Saved entries

^^^^

(* Let $m\ge 2$, let $M$ be the graph consisting of $m$ pairwise disjoint edges, and let $G$ be a simple graph with $m$ edges that is not a matching (i.e. some vertex of $G$ has degree at least $2$). Then (1) $c_s(M)>c_s(G)$ for every $s\in\{2,\dots,m\}$, and (2) $\lambda(M)\le\lambda(G)$ and $\Phi(\lambda,M)>\Phi(\lambda,G)$ for every real $\lambda\ge\lambda(G)$.
   Context: All graphs are finite, undirected, without loops. For a graph $G$ on $n$ vertices let $L(G)=D(G)-A(G)$ be its Laplacian matrix ($D(G)$ the diagonal matrix of vertex degrees, $A(G)$ the adjacency matrix), with eigenvalues $0=\lambda_0(G)\le\lambda_1(G)\le\dots\le\lambda_{n-1}(G)$; put $\lambda(G)=\lambda_{n-1}(G)$. Write $\det(\lambda I-L(G))=\lambda P(\lambda,G)$ with $P(\lambda,G)=\sum_{s=0}^{n-1}(-1)^s c_s(G)\lambda^{n-1-s}$ (the Laplacian polynomial); so $c_s(G)$ is the $s$-th elementary symmetric polynomial in $\lambda_1(G),\dots,\lambda_{n-1}(G)$. Equivalently $c_s(G)=\sum_F\gamma(F)$, the sum over spanning forests $F$ of $G$ with $s$ edges, where $\gamma(F)$ is the product of the numbers of vertices of the components of $F$; in particular $c_s(G)$ does not change when isolated vertices are added, and we set $c_s(G)=0$ for $s\ge n$. For a graph $G$ with $n$ vertices and $m$ edges put $\Phi(\lambda,G)=\lambda^{m-n+1}P(\lambda,G)$ (for $\lambda>0$). *)

theory Defs
  imports "Jordan_Normal_Form.Char_Poly"
begin

definition simple_graph :: "nat \<Rightarrow> nat set set \<Rightarrow> bool" where
  "simple_graph n E \<longleftrightarrow> E \<subseteq> {e. \<exists>i j. i < n \<and> j < n \<and> i \<noteq> j \<and> e = {i, j}}"

definition degree :: "nat set set \<Rightarrow> nat \<Rightarrow> nat" where
  "degree E v = card {e \<in> E. v \<in> e}"

definition laplacian :: "nat \<Rightarrow> nat set set \<Rightarrow> real mat" where
  "laplacian n E = mat n n (\<lambda>(i, j). if i = j then real (degree E i)
                                      else if {i, j} \<in> E then -1 else 0)"

definition lap_poly :: "nat \<Rightarrow> nat set set \<Rightarrow> real poly" where
  "lap_poly n E = char_poly (laplacian n E) div [:0, 1:]"

definition lap_coeff :: "nat \<Rightarrow> nat set set \<Rightarrow> nat \<Rightarrow> real" where
  "lap_coeff n E s = (if s < n then (-1) ^ s * coeff (lap_poly n E) (n - 1 - s) else 0)"

definition lap_lambda :: "nat \<Rightarrow> nat set set \<Rightarrow> real" where
  "lap_lambda n E = Max {x. eigenvalue (laplacian n E) x}"

definition lap_Phi :: "nat \<Rightarrow> nat set set \<Rightarrow> real \<Rightarrow> real" where
  "lap_Phi n E x = x powi (int (card E) - int n + 1) * poly (lap_poly n E) x"

definition matching_edges :: "nat \<Rightarrow> nat set set" where
  "matching_edges m = {{2 * i, 2 * i + 1} | i. i < m}"

end

theory Submission
  imports Defs "Jordan_Normal_Form.Schur_Decomposition"
begin

text \<open>
  Write \<open>L(G) = B B\<^sup>T\<close> with \<open>B\<close> the oriented incidence matrix (\<open>n \<times> m\<close>) and let
  \<open>K = B\<^sup>T B\<close> be the edge Gram matrix. By Sylvester's identity \<open>\<chi>\<^sub>L(X) X\<^sup>m = X\<^sup>n \<chi>\<^sub>K(X)\<close>, so the
  \<open>m\<close> eigenvalues \<open>ks\<close> of \<open>K\<close> (the "edge spectrum", nonnegative since \<open>K\<close> is a Gram matrix)
  determine everything: \<open>c\<^sub>s(G) = e\<^sub>s(ks)\<close>, \<open>\<Phi>(x, G) = \<Prod>(x - k)\<close> and \<open>\<lambda>(G) = max ks\<close>.
  Since \<open>K\<close> has diagonal \<open>2\<close>, \<open>\<Sum> ks = tr K = 2m\<close>, and \<open>\<Sum>(k - 2)\<^sup>2 = tr K\<^sup>2 - 4m\<close> is the sum
  of squares of the off-diagonal entries of \<open>K\<close>, which vanishes exactly for matchings. So
  the matching has edge spectrum \<open>2, \<dots>, 2\<close>, while any other graph has a non-constant edge
  spectrum with the same mean \<open>2\<close>. A smoothing argument (move two entries towards the mean)
  shows that constant lists strictly maximise \<open>e\<^sub>s\<close> (\<open>s \<ge> 2\<close>) and \<open>\<Prod>(x - k)\<close>.
\<close>

section \<open>Elementary symmetric functions of a list\<close>

fun esym :: "real list \<Rightarrow> nat \<Rightarrow> real" where
  "esym xs 0 = 1"
| "esym [] (Suc k) = 0"
| "esym (x # xs) (Suc k) = esym xs (Suc k) + x * esym xs k"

^^^^

HOW TO COMPLETE THIS TASK: Search the data above for the word "diagonal". Copy each line it is in.

SOLUTION TO THIS PROBLEM:
   Context: All graphs are finite, undirected, without loops. For a graph $G$ on $n$ vertices let $L(G)=D(G)-A(G)$ be its Laplacian matrix ($D(G)$ the diagonal matrix of vertex degrees, $A(G)$ the adjacency matrix), with eigenvalues $0=\lambda_0(G)\le\lambda_1(G)\le\dots\le\lambda_{n-1}(G)$; put $\lambda(G)=\lambda_{n-1}(G)$. Write $\det(\lambda I-L(G))=\lambda P(\lambda,G)$ with $P(\lambda,G)=\sum_{s=0}^{n-1}(-1)^s c_s(G)\lambda^{n-1-s}$ (the Laplacian polynomial); so $c_s(G)$ is the $s$-th elementary symmetric polynomial in $\lambda_1(G),\dots,\lambda_{n-1}(G)$. Equivalently $c_s(G)=\sum_F\gamma(F)$, the sum over spanning forests $F$ of $G$ with $s$ edges, where $\gamma(F)$ is the product of the numbers of vertices of the components of $F$; in particular $c_s(G)$ does not change when isolated vertices are added, and we set $c_s(G)=0$ for $s\ge n$. For a graph $G$ with $n$ vertices and $m$ edges put $\Phi(\lambda,G)=\lambda^{m-n+1}P(\lambda,G)$ (for $\lambda>0$). *)
  Since \<open>K\<close> has diagonal \<open>2\<close>, \<open>\<Sum> ks = tr K = 2m\<close>, and \<open>\<Sum>(k - 2)\<^sup>2 = tr K\<^sup>2 - 4m\<close> is the sum
  of squares of the off-diagonal entries of \<open>K\<close>, which vanishes exactly for matchings. So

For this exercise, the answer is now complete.